But parenting experts stress two things: that although the report suggests children’s experience of lockdown was determined in large part by how much quality family time they were able to have, parents should not blame themselves for their child regressing; and, crucially, that the damage is not irreparable.

So what can parents do to help their child catch up in any areas in which they may have regressed? 

In terms of  learning, parents of younger children can make up for lost time by focusing on “really high quality play experiences,” says Anita Cleare, parenting expert and author of The Work/Parent Switch. “That means turning off the tech as much as possible and providing some variety in play. It might mean being a bit creative, finding interesting objects children can play with and making sure they get outside to as many different environments as you can access.” 

As germaphobic as we may have become, we should not be afraid to let them get messy and dirty, she argues. 

Richard Evans, an education expert and founder of The Profs, a private tutoring agency, says the key is to create a home environment conducive to learning. For younger children, this should include designated reading time each day.  

“They need to see their parents are invested and assigning importance to reading,” he says. “It’s showing ‘this is fun, this is a nice time with mum or dad.’”

Fostering learning doesn’t have to mean a rigid academic focus, however. Parents can lean on educational games, for instance to help them learn coding. Even playing with Lego can be beneficial for helping them problem-solve and engage their brain.

Structure is important, Evans stresses. We need to set aside the time for learning so children understand “whether they like it or not, there’s going to be education.” But there’s plenty we can do to help them like it. “If they’re not enjoying it, is it because we’re trying to do a workbook on divisional fractions? We need to be creative. Find out what they do enjoy if they’re showing resistance. [If they] enjoy cooking, show them how to weigh and measure. Use that to get the child excited. We’re giving them practical skills that make the workbook more relevant.” 
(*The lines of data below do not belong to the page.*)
lemma is_sink_in_face_triangular_iff:
  assumes "U \<subseteq> W" "W \<subseteq> {1..n}"
  shows "is_sink_in_face (triangular_orientation n b) U W X \<longleftrightarrow>
    U \<subseteq> X \<and> X \<subseteq> W \<and> (\<forall>i \<in> W - U. \<not> triangular_out b X i)"
proof -
  have "(\<exists>Y. U \<subseteq> Y \<and> Y \<subseteq> W \<and> (X, Y) \<in> triangular_orientation n b) \<longleftrightarrow>
      (\<exists>i \<in> W - U. triangular_out b X i)" if "U \<subseteq> X" "X \<subseteq> W"
  proof
    assume "\<exists>Y. U \<subseteq> Y \<and> Y \<subseteq> W \<and> (X, Y) \<in> triangular_orientation n b"
    then obtain i where "U \<subseteq> symdiff X {i}" "symdiff X {i} \<subseteq> W" "triangular_out b X i"
      unfolding mem_triangular_orientation by blast
    moreover have "i \<in> W - U" using calculation(1,2) that unfolding symdiff_def by auto
    ultimately show "\<exists>i \<in> W - U. triangular_out b X i" by blast
  next
    assume "\<exists>i \<in> W - U. triangular_out b X i"
    then obtain i where i: "i \<in> W - U" "triangular_out b X i" by blast
    then have "U \<subseteq> symdiff X {i}" "symdiff X {i} \<subseteq> W"
      using that unfolding symdiff_def by auto
    moreover have "(X, symdiff X {i}) \<in> triangular_orientation n b"
      unfolding edge_in_triangular_orientation using i that assms by auto
    ultimately show "\<exists>Y. U \<subseteq> Y \<and> Y \<subseteq> W \<and> (X, Y) \<in> triangular_orientation n b" by blast
  qed
  then show ?thesis unfolding is_sink_in_face_def by blast
qed

lemma triangular_sink_exists:
  assumes "finite W" "U \<subseteq> W"
  shows "\<exists>X. U \<subseteq> X \<and> X \<subseteq> W \<and> (\<forall>i \<in> W - U. \<not> triangular_out b X i)"
  using assms
proof (induction "card (W - U)" arbitrary: U W rule: less_induct)
  case less
  show ?case
  proof (cases "W - U = {}")
    case True
    then show ?thesis using less.prems by auto
  next
    case False
    define k where "k = Max (W - U)"
    have fin: "finite (W - U)" using less.prems by auto
    have k: "k \<in> W - U" "\<forall>j \<in> W - U. j \<le> k"
      using Max_in[OF fin False] Max_ge[OF fin] k_def by auto
    have "W - {k} - U = W - U - {k}" "W - insert k U = W - U - {k}" by auto
    then have smaller: "card (W - {k} - U) < card (W - U)" "card (W - insert k U) < card (W - U)"
      using card_Diff1_less[OF fin k(1)] by simp_all
    obtain X0 where
      X0: "U \<subseteq> X0" "X0 \<subseteq> W - {k}" "\<forall>i \<in> W - {k} - U. \<not> triangular_out b X0 i"
      using less.hyps[OF smaller(1)] less.prems k(1) by auto
    obtain X1 where
      X1: "insert k U \<subseteq> X1" "X1 \<subseteq> W" "\<forall>i \<in> W - insert k U. \<not> triangular_out b X1 i"
      using less.hyps[OF smaller(2)] less.prems k(1) by auto
    show ?thesis
    proof (cases "triangular_out b X0 k")
      case False
      then show ?thesis using X0 by (intro exI[of _ X0]) auto
    next
      case True
      txt \<open>Above \<open>k\<close> both sinks coincide with \<open>U\<close>, and they differ at \<open>k\<close>.\<close>
      have "j \<in> X0 \<longleftrightarrow> j \<in> X1" if "k < j" for j
      proof -
        have "j \<notin> W - U" using k(2) that leD by blast
        then show ?thesis using X0(1,2) X1(1,2) by blast
      qed
      then have "\<not> triangular_out b X1 k"
        using triangular_out_agree_above[of k X0 X1 b] True X0(2) X1(1) by auto
      then show ?thesis using X1 by (intro exI[of _ X1]) auto
    qed
  qed
qed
Children have also missed out on many opportunities to socialise this year, both inside and outside of school. Playdates and birthday parties have been struck from the diary, often replaced by more time indoors and on screens. Once this latest lockdown has been lifted, parents should prioritise their children’s social experiences with their peers, Cleare argues, by helping them find ways of playing with others safely, especially outdoors.

“There are lots of games children can play together where they stay distant and safe,” says Cleare. “Things like ‘follow my leader’ or running around games that don’t involve being close together.”